Ирен Немировски - Французская сюита
— Почему он убил Боннета?
— Он на нас донес, больше некому, мадам Люсиль. Он у нас жил. Наверное, нашел ружье. Немцы же, они все предатели. А этот… он за мной ухаживал, понимаете? И муж это знал. Может, хотел наказать его, может, подумал: «Раз такое дело и не будет меня в доме, пусть не крутится возле моей жены!» Вполне мог так подумать… А вообще-то он ненавидел немцев, мадам Люсиль. Только и мечтал хотя бы одного отправить на тот свет.
— Они искали его весь день, не так ли? Вы уверены, что они его не нашли?
— Уверена, — ответила Мадлен, помолчав секунду.
— Вы видели его?
— Видела. Вы же понимаете, мадам Люсиль, речь идет о жизни и смерти. Вы… Вы никому не скажете?
— Что ты, Мадлен!
— Ладно! Он спрятался у нашей соседки, Луизы, жены военнопленного.
— Немцы перевернут вверх дном всю округу, обшарят каждый дом.
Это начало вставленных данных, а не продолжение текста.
lemma codeword_polys_cong:
  assumes "p \<in> codeword_polys n C" "monom 1 n - 1 dvd q - p"
  shows "q \<in> codeword_polys n C"
proof -
  obtain c where "c \<in> C" "monom 1 n - 1 dvd p - Poly c"
    using assms(1) unfolding codeword_polys_def by blast
  moreover have "q - Poly c = (q - p) + (p - Poly c)"
    by simp
  ultimately show ?thesis
    using assms(2) unfolding codeword_polys_def by (metis (mono_tags) dvd_add mem_Collect_eq)
qed

lemma codeword_polys_add:
  assumes "linear_code n C" "p \<in> codeword_polys n C" "q \<in> codeword_polys n C"
  shows "p + q \<in> codeword_polys n C"
proof -
  obtain c d where cd: "c \<in> C" "d \<in> C"
    and "monom 1 n - 1 dvd p - Poly c" "monom 1 n - 1 dvd q - Poly d"
    using assms(2,3) unfolding codeword_polys_def by blast
  then have "monom 1 n - 1 dvd (p + q) - (Poly c + Poly d)"
    by (metis (no_types) add_diff_add dvd_add)
  moreover have "map2 (+) c d \<in> C" "Poly (map2 (+) c d) = Poly c + Poly d"
    using assms(1) cd unfolding linear_code_def
    by (auto intro!: poly_eqI simp: nth_default_def subset_iff)
  ultimately show ?thesis
    by (metis Poly_in_codeword_polys codeword_polys_cong)
qed

lemma codeword_polys_smult:
  assumes "linear_code n C" "p \<in> codeword_polys n C"
  shows "smult r p \<in> codeword_polys n C"
proof -
  obtain c where c: "c \<in> C" and "monom 1 n - 1 dvd p - Poly c"
    using assms(2) unfolding codeword_polys_def by blast
  then have "monom 1 n - 1 dvd smult r p - smult r (Poly c)"
    by (metis dvd_smult smult_diff_right)
  moreover have "map ((*) r) c \<in> C" "Poly (map ((*) r) c) = smult r (Poly c)"
    using assms(1) c unfolding linear_code_def
    by (auto intro!: poly_eqI simp: nth_default_def)
  ultimately show ?thesis
    by (metis Poly_in_codeword_polys codeword_polys_cong)
qed

lemma codeword_polys_sum_list:
  assumes "linear_code n C" "set ps \<subseteq> codeword_polys n C"
  shows "sum_list ps \<in> codeword_polys n C"
  using assms(2)
proof (induction ps)
  case Nil
  have "replicate n 0 \<in> C"
    using assms(1) unfolding linear_code_def by blast
  then show ?case
    using Poly_in_codeword_polys by fastforce
next
  case (Cons p ps)
  then show ?case
    using codeword_polys_add[OF assms(1)] by simp
qed

lemma codeword_polys_codeword:
  assumes "linear_code n C" "length c = n" "Poly c \<in> codeword_polys n C"
  shows "c \<in> C"
proof -
  obtain d where "d \<in> C" "monom 1 n - 1 dvd Poly c - Poly d"
    using assms(3) unfolding codeword_polys_def by blast
  moreover have "length d = n"
    using assms(1) \<open>d \<in> C\<close> unfolding linear_code_def by blast
  ultimately show ?thesis
    using assms(2) codeword_eqI by metis
qed

lemma ideal_code_subset:
  assumes "linear_code n C"
    and "\<And>g h. g \<in> set G \<Longrightarrow> g * h \<in> codeword_polys n C"
  shows "ideal_code n G \<subseteq> C"
proof
  fix c
  assume "c \<in> ideal_code n G"
  then obtain hs K where c: "length c = n"
    and Poly_c: "Poly c = sum_list (map2 (*) G hs) + K * (monom 1 n - 1)"
    unfolding ideal_code_def by blast
  have "set (map2 (*) G hs) \<subseteq> codeword_polys n C"
    using assms(2) by (auto dest: set_zip_leftD)
  then have "sum_list (map2 (*) G hs) \<in> codeword_polys n C"
    by (rule codeword_polys_sum_list[OF assms(1)])
  then have "Poly c \<in> codeword_polys n C"
    by (rule codeword_polys_cong) (simp add: Poly_c)
  then show "c \<in> C"
    by (rule codeword_polys_codeword[OF assms(1) c])
qed

lemma mem_ideal_code_singleton_iff:
  "c \<in> ideal_code n [f] \<longleftrightarrow> length c = n \<and> (\<exists>h K. Poly c = f * h + K * (monom 1 n - 1))"
proof
  assume "c \<in> ideal_code n [f]"
  then obtain hs K where c: "length c = n" "length hs = 1"
    and Poly_c: "Poly c = sum_list (map2 (*) [f] hs) + K * (monom 1 n - 1)"
    unfolding ideal_code_def by auto
  then obtain h where "hs = [h]"
    by (cases hs) auto
  with c Poly_c show "length c = n \<and> (\<exists>h K. Poly c = f * h + K * (monom 1 n - 1))"
    by auto
next
  assume "length c = n \<and> (\<exists>h K. Poly c = f * h + K * (monom 1 n - 1))"
  then obtain h K where "length c = n" "Poly c = f * h + K * (monom 1 n - 1)"
    by blast
  then show "c \<in> ideal_code n [f]"
    unfolding ideal_code_def by (auto intro!: exI[of _ "[h]"])
qed

lemma ideal_code_principal:
  assumes "f dvd monom 1 n - 1"
  shows "ideal_code n [f] = {c. length c = n \<and> f dvd Poly c}"
proof (intro set_eqI iffI)
  fix c
  assume "c \<in> ideal_code n [f]"
  then show "c \<in> {c. length c = n \<and> f dvd Poly c}"
    using assms by (auto simp: mem_ideal_code_singleton_iff)
next
  fix c
  assume "c \<in> {c. length c = n \<and> f dvd Poly c}"
  then obtain g where "length c = n" "Poly c = f * g"
    by (auto elim: dvdE)
  then show "c \<in> ideal_code n [f]"
    unfolding mem_ideal_code_singleton_iff by (intro conjI exI[of _ g] exI[of _ 0]) simp_all
qed

lemma ideal_code_principal_reduce:
  fixes f p :: "'a::field poly"
  assumes "n > 0" "f dvd monom 1 n - 1" "f dvd p"
  obtains c where "c \<in> ideal_code n [f]" "monom 1 n - 1 dvd p - Poly c"
proof
  let ?Q = "monom 1 n - 1 :: 'a poly"
  have "?Q \<noteq> 0"
    by (rule monom_1_minus_1_neq_0[OF assms(1)])
  then have "Poly (coeff_list n (p mod ?Q)) = p mod ?Q"
    using degree_mod_less[of ?Q p] degree_monom_1_minus_1[OF assms(1), where 'a='a]
    by (intro Poly_coeff_list) argo
  moreover have "f dvd p mod ?Q"
    using assms(2,3) by (simp add: dvd_mod)
  ultimately show "coeff_list n (p mod ?Q) \<in> ideal_code n [f]"
    by (simp add: ideal_code_principal[OF assms(2)])
  show "?Q dvd p - Poly (coeff_list n (p mod ?Q))"
    using \<open>Poly (coeff_list n (p mod ?Q)) = p mod ?Q\<close> by (simp add: minus_mod_eq_mult_div)
qed
lemma diagonal_hermitian_mat2_obtain:
  assumes "A \<in> carrier_mat 2 2" "diagonal_mat A" "hermitian_mat A"
  obtains d0 d1 where "A = rdiag2 d0 d1"
proof
  have "cnj (A $$ (i, i)) = A $$ (i, i)" if "i < 2" for i
    using assms(1,3) that mat_adjoint_index[OF assms(1) that that] by (simp add: hermitian_mat_def)
  then have "cnj (A $$ (0, 0)) = A $$ (0, 0)" "cnj (A $$ (1, 1)) = A $$ (1, 1)" by auto
  moreover have "A $$ (0, 1) = 0" "A $$ (1, 0) = 0"
    using assms(1,2) by (auto simp: diagonal_mat_def)
  ultimately show "A = rdiag2 (Re (A $$ (0, 0))) (Re (A $$ (1, 1)))"
    by (subst mat2_of_carrier[OF assms(1)]) (simp add: complex_eq_iff)
qed

lemma K1_mat2: "K1 u v = rdiag2 (cos ((u - v)/2)) (cos ((u + v)/2))"
  unfolding diff_divide_distrib add_divide_distrib
  by (simp add: K1_def pauli_mat2 one_mat2 smult_mat2 mat2_add cos_diff cos_add algebra_simps)

lemma K2_mat2: "K2 u v = mat2 0 (of_real (sin ((u + v)/2))) (- of_real (sin ((u - v)/2))) 0"
  unfolding diff_divide_distrib add_divide_distrib
  by (simp add: K2_def pauli_mat2 smult_mat2 mat2_add sin_diff sin_add algebra_simps)

lemma Phi_dual_rdiag2:
  "Phi_dual u v (rdiag2 d0 d1) =
     rdiag2 (cos ((u - v)/2)^2 * d0 + sin ((u - v)/2)^2 * d1)
            (sin ((u + v)/2)^2 * d0 + cos ((u + v)/2)^2 * d1)"
  by (simp add: Phi_dual_def K1_mat2 K2_mat2 mat_adjoint_mat2 mat2_mult mat2_add
      power2_eq_square algebra_simps)

definition F_diag :: "real \<Rightarrow> real \<Rightarrow> real \<Rightarrow> real \<Rightarrow> complex mat" where
  "F_diag a0 a1 b0 b1 = mat 4 4 (\<lambda>(i, j). of_real
     (if i = j then [- a0 - b0, 1/2 - a0 - b1, 1/2 - a1 - b0, - a1 - b1] ! i
      else if (i, j) = (1, 2) \<or> (i, j) = (2, 1) then - 1/2 else 0))"

lemma CQ_minus_kron_rdiag2:
  "CQ - kron (rdiag2 a0 a1) (1\<^sub>m 2) - kron (1\<^sub>m 2) (rdiag2 b0 b1) = F_diag a0 a1 b0 b1"
proof (rule eq_matI)
  fix i j assume "i < dim_row (F_diag a0 a1 b0 b1)" "j < dim_col (F_diag a0 a1 b0 b1)"
  then have "i < 4" "j < 4" by (simp_all add: F_diag_def)
  then show "(CQ - kron (rdiag2 a0 a1) (1\<^sub>m 2) - kron (1\<^sub>m 2) (rdiag2 b0 b1)) $$ (i, j)
      = F_diag a0 a1 b0 b1 $$ (i, j)"
    unfolding less_4_iff
    by (elim disjE; simp add: CQ_def swap_op_def kron_def mat2_def F_diag_def)
qed (simp_all add: CQ_def swap_op_def kron_def F_diag_def)

lemma hermitian_F_diag: "hermitian_mat (F_diag a0 a1 b0 b1)"
  unfolding hermitian_mat_def
  by (auto simp: F_diag_def mat_adjoint_def mat_of_rows_def)

lemma quadratic_form_F_diag:
  assumes "x \<in> carrier_vec 4"
  shows "Re (conjugate x \<bullet> (F_diag a0 a1 b0 b1 *\<^sub>v x)) =
      - (a0 + b0) * (Re (x $ 0)^2 + Im (x $ 0)^2)
      + (1/2 - a0 - b1) * (Re (x $ 1)^2 + Im (x $ 1)^2)
      + (1/2 - a1 - b0) * (Re (x $ 2)^2 + Im (x $ 2)^2)
      - (a1 + b1) * (Re (x $ 3)^2 + Im (x $ 3)^2)
      - (Re (x $ 1) * Re (x $ 2) + Im (x $ 1) * Im (x $ 2))"
proof -
  have "conjugate x \<bullet> (F_diag a0 a1 b0 b1 *\<^sub>v x) =
      (\<Sum>i<4. cnj (x $ i) * (\<Sum>j<4. F_diag a0 a1 b0 b1 $$ (i, j) * x $ j))"
    using assms by (simp add: F_diag_def scalar_prod_def mult_mat_vec_def lessThan_atLeast0)
  also have "\<dots> = cnj (x $ 0) * (of_real (- a0 - b0) * x $ 0)
      + cnj (x $ 1) * (of_real (1/2 - a0 - b1) * x $ 1 - x $ 2 / 2)
      + cnj (x $ 2) * (of_real (1/2 - a1 - b0) * x $ 2 - x $ 1 / 2)
      + cnj (x $ 3) * (of_real (- a1 - b1) * x $ 3)"
    by (simp add: eval_nat_numeral F_diag_def)
  finally have expand: "conjugate x \<bullet> (F_diag a0 a1 b0 b1 *\<^sub>v x) = \<dots>" .
  show ?thesis
    unfolding expand by (simp add: field_simps power2_eq_square)
qed

definition F_diag_psd_cond :: "real \<Rightarrow> real \<Rightarrow> real \<Rightarrow> real \<Rightarrow> bool" where
  "F_diag_psd_cond a0 a1 b0 b1 \<longleftrightarrow> a0 + b0 \<le> 0 \<and> a1 + b1 \<le> 0 \<and>
     (\<forall>r s. r * s \<le> (1/2 - a0 - b1) * r^2 + (1/2 - a1 - b0) * s^2)"

lemma psd_F_diag_iff: "psd (F_diag a0 a1 b0 b1) \<longleftrightarrow> F_diag_psd_cond a0 a1 b0 b1"
proof
  assume "psd (F_diag a0 a1 b0 b1)"
  then have form_nonneg: "0 \<le> Re (conjugate x \<bullet> (F_diag a0 a1 b0 b1 *\<^sub>v x))"
    if "x \<in> carrier_vec 4" for x
    using that by (simp add: psd_def F_diag_def)
  have "a0 + b0 \<le> 0"
    using form_nonneg[of "vec 4 (\<lambda>i. if i = 0 then 1 else 0)"] by (simp add: quadratic_form_F_diag)
  moreover have "a1 + b1 \<le> 0"
    using form_nonneg[of "vec 4 (\<lambda>i. if i = 3 then 1 else 0)"] by (simp add: quadratic_form_F_diag)
  moreover have "r * s \<le> (1/2 - a0 - b1) * r^2 + (1/2 - a1 - b0) * s^2" for r s
    using form_nonneg[of "vec 4 (\<lambda>i. if i = 1 then of_real r else if i = 2 then of_real s else 0)"]
    by (simp add: quadratic_form_F_diag)
  ultimately show "F_diag_psd_cond a0 a1 b0 b1"
    by (simp add: F_diag_psd_cond_def)
next
  assume cond: "F_diag_psd_cond a0 a1 b0 b1"
  then have cross_bound: "r * s \<le> (1/2 - a0 - b1) * r^2 + (1/2 - a1 - b0) * s^2" for r s
    by (simp add: F_diag_psd_cond_def)
  have "0 \<le> Re (conjugate x \<bullet> (F_diag a0 a1 b0 b1 *\<^sub>v x))" if "x \<in> carrier_vec 4" for x
  proof -
    have "0 \<le> - (a0 + b0) * (Re (x $ 0)^2 + Im (x $ 0)^2)"
      "0 \<le> - (a1 + b1) * (Re (x $ 3)^2 + Im (x $ 3)^2)"
      using cond by (simp_all add: F_diag_psd_cond_def)
    then show ?thesis
      unfolding quadratic_form_F_diag[OF that]
      using cross_bound[of "Re (x $ 1)" "Re (x $ 2)"] cross_bound[of "Im (x $ 1)" "Im (x $ 2)"]
      by (simp add: algebra_simps)
  qed
  then show "psd (F_diag a0 a1 b0 b1)"
    by (simp add: psd_def hermitian_F_diag) (simp add: F_diag_def)
qed

lemma mult_le_scaled_sum_squares:
  fixes r s p :: real
  assumes "1/2 \<le> p"
  shows "r * s \<le> p * (r^2 + s^2)"
proof -
  have "r * s \<le> 1/2 * (r^2 + s^2)"
    using sum_squares_ge_zero[of "r - s" 0] by (simp add: power2_eq_square algebra_simps)
  also have "\<dots> \<le> p * (r^2 + s^2)"
    using assms by (intro mult_right_mono) simp_all
  finally show ?thesis .
qed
— На наше счастье, сегодня все офицеры на реквизиции лошадей. Солдаты ничего не начнут без приказа. Обшаривать все вокруг они начнут завтра. Но как вы знаете, мадам Люсиль, укромных мест повсюду достаточно. Примеры есть: бежавшие узники не попадаются немцам в лапы. Луиза сумела бы спрятать Бенуа, но у нее ребятня. Ребятишки играют с немцами, не боятся их, болтают что ни попадя и слишком малы еще, чтобы им что-то втолковать. Луиза сказала мне: «Я знаю, чем рискую. Но делаю это от чистого сердца для твоего мужа, как ты сделала бы для моего. И все же разумнее найти другой дом, где Бенуа мог бы дождаться времени, когда можно будет уехать из наших мест». Она права. А пока, сами понимаете, каждая тропинка будет под надзором. Но немцы у нас не на век. И лучше всего подошел бы большой дом без детей.
— Этот? — спросила Люсиль, посмотрев на Мадлен.
— Этот. Я думала, думала, да, этот.
— А вы знаете, что у нас живет немецкий офицер?
— А где они не живут? И потом, офицер, наверное, все больше сидит у себя в комнате? И еще мне сказали… простите, мадам Люсиль, мне сказали, что немецкий офицер в вас влюблен и вы из него веревки вьете. Я вас не обидела, нет? Что здесь такого особенного? И дурного ничего нет, они такие же мужчины, и к тому же у нас скучают. Вот и можно сказать офицеру: «Не хочу, чтобы ваши солдаты меня тревожили. Согласитесь, их появление у меня выглядело бы странно. Вы же понимаете, я никого не прячу. Зато при одной мысли об их появлении умираю от страха…» В общем, мало ли что может наговорить женщина. А дом у вас такой большой, такой пустынный, в нем нетрудно сыскать где-нибудь уголок, тайничок. Это и будет шанс на спасение. Единственный шанс! Конечно, вам есть что мне возразить: если все откроется, вы рискуете оказаться в тюрьме… или даже страшнее — рискуете жизнью. С этих варваров и такое станется. Но если француз не поможет французу, кто же нам поможет? У Луизы детишки, она и то не боится. А вы одна.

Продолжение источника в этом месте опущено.